Tuesday, January 15, 2019

CHRISTMAS GIFTS I THOUGHT WERE GOOD IDEAS AT THE TIME





Every Christmas season, I come up with what I think are unique and unusual gift ideas. And every Christmas season, I end up having to return a few gifts before I even give them.

This Christmas season was no different.

You’d think I’d have learned my lesson from past disasters. For example, there was the wood carving of a buffalo I had specially made one Christmas for my husband, the buffalo collector. Unfortunately, the artist never had carved a buffalo before, so the end result looked like something that had been in some horrible, disfiguring accident.

Still, the artist was so proud of his work, I couldn’t bring myself to offend him, so I ended up forking over a small fortune for it…and then hid the buffalo in the back of the closet where, to this day, it still remains. I doubt that even a nest of hungry termites would want it...probably because they would be too busy pointing at it and laughing.

And then there was the round tablecloth I had a woman crochet for my mother’s dining-room table. It looked beautiful and I was very pleased with it. My mother also loved it, but when she put it on her table, we discovered that the center of the tablecloth wouldn’t lie flat. We tried stacking books on it, ironing it and starching it, but still the center continued to rise as if it were part of Houdini’s magic act. We were tempted to bring it outside and beat it down with a stick.

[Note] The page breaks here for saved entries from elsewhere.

(* Let $A$ and $B$ be disjoint cubic graphs with $v(A)\equiv 2\pmod 6$ and $v(B)\equiv 2\pmod 6$, let $a=a_1a_2\in E(A)$ and $b=b_1b_2\in E(B)$, and let $G=Aa|bB$ with middle edge $z=z_1z_2$. Then $v(G)\equiv 0\pmod 6$ and $G$ has no $\Lambda$-factor containing the edge $z$.
   Context: Graphs are finite, undirected, without loops or multiple edges; $v(G)=|V(G)|$. For disjoint graphs $A,B$ with $a=a_1a_2\in E(A)$, $b=b_1b_2\in E(B)$, $AabB$ is obtained from $(A-a)\cup(B-b)$ (edge deletions) by adding the edges $a_1b_1,a_2b_2$; $Aa|bB$ is obtained from $AabB$ by replacing each edge $a_ib_i$ ($i=1,2$) by a path $a_iz_ib_i$ through a new vertex $z_i$ and adding the new edge $z=z_1z_2$, the middle edge. A $\Lambda$-factor of a graph is a spanning subgraph each of whose components is a path on 3 vertices. *)

theory Defs
  imports Main
begin

type_synonym 'a graph = "'a set \<times> 'a set set"

definition verts :: "'a graph \<Rightarrow> 'a set" where "verts G = fst G"
definition edges :: "'a graph \<Rightarrow> 'a set set" where "edges G = snd G"

definition is_graph :: "'a graph \<Rightarrow> bool" where
  "is_graph G \<longleftrightarrow> finite (verts G) \<and>
     (\<forall>e\<in>edges G. \<exists>u w. u \<noteq> w \<and> u \<in> verts G \<and> w \<in> verts G \<and> e = {u, w})"

definition degree :: "'a graph \<Rightarrow> 'a \<Rightarrow> nat" where
  "degree G v = card {e \<in> edges G. v \<in> e}"

definition cubic :: "'a graph \<Rightarrow> bool" where
  "cubic G \<longleftrightarrow> is_graph G \<and> (\<forall>v\<in>verts G. degree G v = 3)"

text \<open>The graph A a|b B with middle edge z1 z2, where z1, z2 are the new vertices.\<close>
definition bridge_join ::
  "'a graph \<Rightarrow> 'a \<Rightarrow> 'a \<Rightarrow> 'a graph \<Rightarrow> 'a \<Rightarrow> 'a \<Rightarrow> 'a \<Rightarrow> 'a \<Rightarrow> 'a graph" where
  "bridge_join A a1 a2 B b1 b2 z1 z2 =
     (verts A \<union> verts B \<union> {z1, z2},
      (edges A - {{a1, a2}}) \<union> (edges B - {{b1, b2}}) \<union>
      {{a1, z1}, {z1, b1}, {a2, z2}, {z2, b2}, {z1, z2}})"

definition component :: "'a set set \<Rightarrow> 'a \<Rightarrow> 'a set" where
  "component F v = {u. (\<lambda>x y. {x, y} \<in> F)\<^sup>*\<^sup>* v u}"

text \<open>F is (the edge set of) a Lambda-factor of G: a spanning subgraph (verts G, F)
  each of whose components is a path on 3 vertices.\<close>
definition Lambda_factor :: "'a graph \<Rightarrow> 'a set set \<Rightarrow> bool" where
  "Lambda_factor G F \<longleftrightarrow> F \<subseteq> edges G \<and>
     (\<forall>v\<in>verts G. \<exists>x y w. x \<noteq> y \<and> y \<noteq> w \<and> x \<noteq> w \<and>
        component F v = {x, y, w} \<and>
        {e \<in> F. e \<subseteq> {x, y, w}} = {{x, y}, {y, w}})"

end

theory Submission
  imports Defs
begin

text \<open>The component of the middle edge in a \<open>\<Lambda>\<close>-factor is \<open>{z\<^sub>1, z\<^sub>2, t}\<close> for a single
  further vertex \<open>t\<close>, so it misses the vertices of \<open>A\<close> or those of \<open>B\<close>, say those of \<open>A\<close>.
  Every edge of \<open>Aa|bB\<close> leaving \<open>V(A)\<close> ends in \<open>z\<^sub>1\<close> or \<open>z\<^sub>2\<close>, so every other component
  meeting \<open>V(A)\<close> lies inside \<open>V(A)\<close>. Hence \<open>V(A)\<close> is partitioned into triples and
  \<open>3\<close> divides \<open>v(A) \<equiv> 2 (mod 6)\<close>, a contradiction.\<close>

lemma component_refl: "v \<in> component F v"
  by (simp add: component_def)

lemma edge_in_component: "{u, w} \<in> F \<Longrightarrow> w \<in> component F u"
  by (simp add: component_def r_into_rtranclp)

lemma component_sym:
  assumes "u \<in> component F v"
  shows "v \<in> component F u"
proof -
  have "(\<lambda>x y. {x, y} \<in> F)\<^sup>*\<^sup>* v u"
    using assms by (simp add: component_def)
  then have "(\<lambda>x y. {x, y} \<in> F)\<^sup>*\<^sup>* u v"
    by (induction rule: rtranclp_induct)
       (simp, metis (no_types, lifting) converse_rtranclp_into_rtranclp insert_commute)
  then show ?thesis
    by (simp add: component_def)
qed

lemma component_trans: "u \<in> component F v \<Longrightarrow> w \<in> component F u \<Longrightarrow> w \<in> component F v"
  unfolding component_def by auto

lemma component_eq: "u \<in> component F v \<Longrightarrow> component F u = component F v"
  by (meson component_sym component_trans subsetI subset_antisym)

lemma component_subset:
  assumes leave: "\<And>x y. {x, y} \<in> F \<Longrightarrow> x \<in> X \<Longrightarrow> y \<in> X \<union> Z"
    and Z: "\<And>z. z \<in> Z \<Longrightarrow> component F z \<inter> X = {}"
    and v: "v \<in> X"
  shows "component F v \<subseteq> X"
proof
  fix u assume "u \<in> component F v"
  then have "(\<lambda>x y. {x, y} \<in> F)\<^sup>*\<^sup>* v u"
    by (simp add: component_def)
  then show "u \<in> X"
  proof (induction rule: rtranclp_induct)
    case base
    then show ?case using v by simp
  next
    case (step y w)
    have "w \<notin> Z"
    proof
      assume "w \<in> Z"
      have "w \<in> component F v"
        using step(1,2) by (simp add: component_def rtranclp.rtrancl_into_rtrancl)
      then have "v \<in> component F w"
        by (rule component_sym)
      with Z[OF \<open>w \<in> Z\<close>] v show False by blast
    qed
    then show ?case
      using leave[OF step(2,3)] by blast
  qed
qed

lemma dvd_card_if_components_card:
  assumes "finite X"
    and sub: "\<And>v. v \<in> X \<Longrightarrow> component F v \<subseteq> X"
    and card: "\<And>v. v \<in> X \<Longrightarrow> card (component F v) = k"
  shows "k dvd card X"
proof -
  let ?C = "component F ` X"
  have union: "\<Union> ?C = X"
    using sub component_refl[of _ F] by auto
  have "card (\<Union> ?C) = k * card ?C"
  proof (rule card_partition[symmetric])
    show "finite ?C" and "finite (\<Union> ?C)"
      using union assms(1) by simp_all
    show "\<And>c. c \<in> ?C \<Longrightarrow> card c = k"
      using card by auto
    show "c1 \<inter> c2 = {}" if c: "c1 \<in> ?C" "c2 \<in> ?C" "c1 \<noteq> c2" for c1 c2
    proof (rule ccontr)
      assume "c1 \<inter> c2 \<noteq> {}"
      then obtain w where "w \<in> c1" "w \<in> c2" by blast
      moreover obtain v1 v2 where "c1 = component F v1" "c2 = component F v2"
        using c(1,2) by blast
      ultimately have "component F w = c1" "component F w = c2"
        using component_eq by simp_all
      with c(3) show False by simp
    qed
  qed
  then show ?thesis
    unfolding union by (rule dvdI)
qed

lemma Lambda_factor_card_component:
  "Lambda_factor G F \<Longrightarrow> v \<in> verts G \<Longrightarrow> card (component F v) = 3"
  unfolding Lambda_factor_def by force

lemma Lambda_factor_component_of_edge:
  assumes "Lambda_factor G F" "u \<in> verts G" "{u, w} \<in> F" "u \<noteq> w"
  shows "\<exists>t. component F u = {u, w, t}"
proof -
  have "{u, w} \<subseteq> component F u"
    using component_refl edge_in_component[OF assms(3)] by simp
  moreover have "card (component F u) = 3"
    using Lambda_factor_card_component[OF assms(1,2)] .
  ultimately have "card (component F u - {u, w}) = 1"
    using assms(4) by (simp add: card_Diff_subset)
  then obtain t where "component F u - {u, w} = {t}"
    by (rule card_1_singletonE)
  with \<open>{u, w} \<subseteq> component F u\<close> show ?thesis
    by blast
qed

lemma Lambda_factor_3_dvd_card:
  assumes LF: "Lambda_factor G F" and "finite X" "X \<subseteq> verts G"
    and "\<And>x y. {x, y} \<in> F \<Longrightarrow> x \<in> X \<Longrightarrow> y \<in> X \<union> Z"
    and "\<And>z. z \<in> Z \<Longrightarrow> component F z \<inter> X = {}"
  shows "3 dvd card X"
proof (rule dvd_card_if_components_card[where F = F])
  show "finite X" by fact
  show "component F v \<subseteq> X" if "v \<in> X" for v
    using component_subset[OF assms(4,5) that] .
  show "card (component F v) = 3" if "v \<in> X" for v
    using Lambda_factor_card_component[OF LF] assms(3) that by blast
qed

lemma verts_bridge_join [simp]:
  "verts (bridge_join A a1 a2 B b1 b2 z1 z2) = verts A \<union> verts B \<union> {z1, z2}"
  by (simp add: bridge_join_def verts_def)

lemma edges_bridge_join [simp]:
  "edges (bridge_join A a1 a2 B b1 b2 z1 z2) = (edges A - {{a1, a2}}) \<union> (edges B - {{b1, b2}}) \<union>
      {{a1, z1}, {z1, b1}, {a2, z2}, {z2, b2}, {z1, z2}}"
  by (simp add: bridge_join_def edges_def)

lemma bridge_join_commute:
  "bridge_join A a1 a2 B b1 b2 z1 z2 = bridge_join B b1 b2 A a1 a2 z1 z2"
  unfolding bridge_join_def by (auto simp: insert_commute)

lemma card_verts_bridge_join:
  assumes "finite (verts A)" "finite (verts B)" "verts A \<inter> verts B = {}"
    and "z1 \<notin> verts A \<union> verts B" "z2 \<notin> verts A \<union> verts B" "z1 \<noteq> z2"
  shows "card (verts (bridge_join A a1 a2 B b1 b2 z1 z2)) = card (verts A) + card (verts B) + 2"
  using assms by (simp add: card_Un_disjoint)

lemma graph_edge_verts:
  assumes "is_graph G" "{x, y} \<in> edges G"
  shows "x \<in> verts G" "y \<in> verts G"
  using assms unfolding is_graph_def by (metis doubleton_eq_iff)+

lemma bridge_join_edge_leaving:
  assumes "is_graph A" "is_graph B" "verts A \<inter> verts B = {}"
    and "z1 \<notin> verts A" "z2 \<notin> verts A"
    and "{x, y} \<in> edges (bridge_join A a1 a2 B b1 b2 z1 z2)" "x \<in> verts A"
  shows "y \<in> verts A \<union> {z1, z2}"
proof -
  consider "{x, y} \<in> edges A" | "{x, y} \<in> edges B" | "z1 \<in> {x, y} \<or> z2 \<in> {x, y}"
    using assms(6) by auto
  then show ?thesis
  proof cases
    case 1
    then show ?thesis using graph_edge_verts[OF assms(1)] by blast
  next
    case 2
    then show ?thesis using graph_edge_verts[OF assms(2)] assms(3,7) by blast
  next
    case 3
    then show ?thesis using assms(4,5,7) by auto
  qed
qed

lemma bridge_join_Lambda_factor_3_dvd_card:
  assumes "is_graph A" "is_graph B" "verts A \<inter> verts B = {}"
    and "z1 \<notin> verts A" "z2 \<notin> verts A"
    and LF: "Lambda_factor (bridge_join A a1 a2 B b1 b2 z1 z2) F" and "{z1, z2} \<in> F"
    and z1: "component F z1 = {z1, z2, t}" and "t \<notin> verts A"
  shows "3 dvd card (verts A)"
proof (rule Lambda_factor_3_dvd_card[OF LF, where Z = "{z1, z2}"])
  show "finite (verts A)"
    using assms(1) by (simp add: is_graph_def)
  have "component F z2 = component F z1"
    using component_eq edge_in_component \<open>{z1, z2} \<in> F\<close> by metis
  then show "\<And>z. z \<in> {z1, z2} \<Longrightarrow> component F z \<inter> verts A = {}"
    using z1 assms(4,5,9) by auto
  show "y \<in> verts A \<union> {z1, z2}" if "{x, y} \<in> F" "x \<in> verts A" for x y
  proof (rule bridge_join_edge_leaving[OF assms(1-5) _ that(2)])
    show "{x, y} \<in> edges (bridge_join A a1 a2 B b1 b2 z1 z2)"
      using LF that(1) unfolding Lambda_factor_def by (simp only: subset_iff)
  qed
qed auto

lemma bridge_join_no_Lambda_factor_through_middle:
  assumes "is_graph A" "is_graph B" "verts A \<inter> verts B = {}"
    and "z1 \<notin> verts A \<union> verts B" "z2 \<notin> verts A \<union> verts B" "z1 \<noteq> z2"
    and "\<not> 3 dvd card (verts A)" "\<not> 3 dvd card (verts B)"
    and LF: "Lambda_factor (bridge_join A a1 a2 B b1 b2 z1 z2) F" and z: "{z1, z2} \<in> F"
  shows False
proof -
  obtain t where t: "component F z1 = {z1, z2, t}"
    using Lambda_factor_component_of_edge[OF LF _ z] assms(6) by auto
  show False
  proof (cases "t \<in> verts A")
    case True
    then have "t \<notin> verts B"
      using assms(3) by blast
    moreover have "Lambda_factor (bridge_join B b1 b2 A a1 a2 z1 z2) F"
      using LF by (simp only: bridge_join_commute)
    ultimately have "3 dvd card (verts B)"
      using bridge_join_Lambda_factor_3_dvd_card[OF assms(2,1) _ _ _ _ z t] assms(3-5)
      by (simp add: Int_commute)
    then show False using assms(8) by blast
  next
    case False
    then have "3 dvd card (verts A)"
      using bridge_join_Lambda_factor_3_dvd_card[OF assms(1-3) _ _ LF z t] assms(4,5) by blast
    then show False using assms(7) by blast
  qed
qed

theorem mainTheorem9:
  fixes A B :: "'a graph" and a1 a2 b1 b2 z1 z2 :: 'a
  assumes "cubic A" and "cubic B"
    and "verts A \<inter> verts B = {}"
    and "card (verts A) mod 6 = 2" and "card (verts B) mod 6 = 2"
    and "{a1, a2} \<in> edges A" and "{b1, b2} \<in> edges B"
    and "z1 \<notin> verts A \<union> verts B" and "z2 \<notin> verts A \<union> verts B" and "z1 \<noteq> z2"
  shows "card (verts (bridge_join A a1 a2 B b1 b2 z1 z2)) mod 6 = 0
    \<and> \<not> (\<exists>F. Lambda_factor (bridge_join A a1 a2 B b1 b2 z1 z2) F \<and> {z1, z2} \<in> F)"
proof
  have graphs: "is_graph A" "is_graph B"
    using assms(1,2) by (simp_all add: cubic_def)
  then have "card (verts (bridge_join A a1 a2 B b1 b2 z1 z2)) = card (verts A) + card (verts B) + 2"
    using assms(3,8-10) by (intro card_verts_bridge_join) (simp_all add: is_graph_def)
  then show "card (verts (bridge_join A a1 a2 B b1 b2 z1 z2)) mod 6 = 0"
    using assms(4,5) by presburger
  have not_dvd: "\<not> 3 dvd card (verts A)" "\<not> 3 dvd card (verts B)"
    using assms(4,5) by presburger+
  show "\<not> (\<exists>F. Lambda_factor (bridge_join A a1 a2 B b1 b2 z1 z2) F \<and> {z1, z2} \<in> F)"
    using bridge_join_no_Lambda_factor_through_middle[OF graphs assms(3,8-10) not_dvd] by metis
qed

end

Another gift disaster occurred when I asked the glass blower at a mall if he could make a tiny bowling pin and bowling-ball figurine for my mother, who was an avid bowler and collected blown-glass items. He assured me it would be no problem. A week later, the masterpiece was ready, so I rushed to the mall, excited to see it. When the glass blower handed it to me, I just silently stared at it, unable to speak. The bowling pin and ball looked exactly like a turkey drumstick and a baked potato. I honestly thought it was a replica of someone’s lunch.

And I’ll never forget the gift I bought for our friend who collected pocket watches. The watch had wood trimming encircling the face and came in a matching wooden case. I decided to have the back of the watch engraved with, “TO BILL, CHRISTMAS 2005.”

A week before Christmas, I picked up the watch. The back read, “TO BULL, CHRISTMAS 2005.”

I wasn’t quite as creative this past Christmas season, however, which I felt was a much safer route to take. Still, ordering items online had its own consequences.

There was the scrolled picture-frame I ordered for a beautiful photo of a rose I’d bought months before. The frame arrived and was perfect, but the glass in it was so thick and heavy, it was guaranteed to bend any hook, nail or stick-up product anyone tried to hang it on, and inevitably would send the frame crashing to the floor. I had visions of the person I was giving the picture to lying in a pool of blood with a shard of glass sticking out of her jugular.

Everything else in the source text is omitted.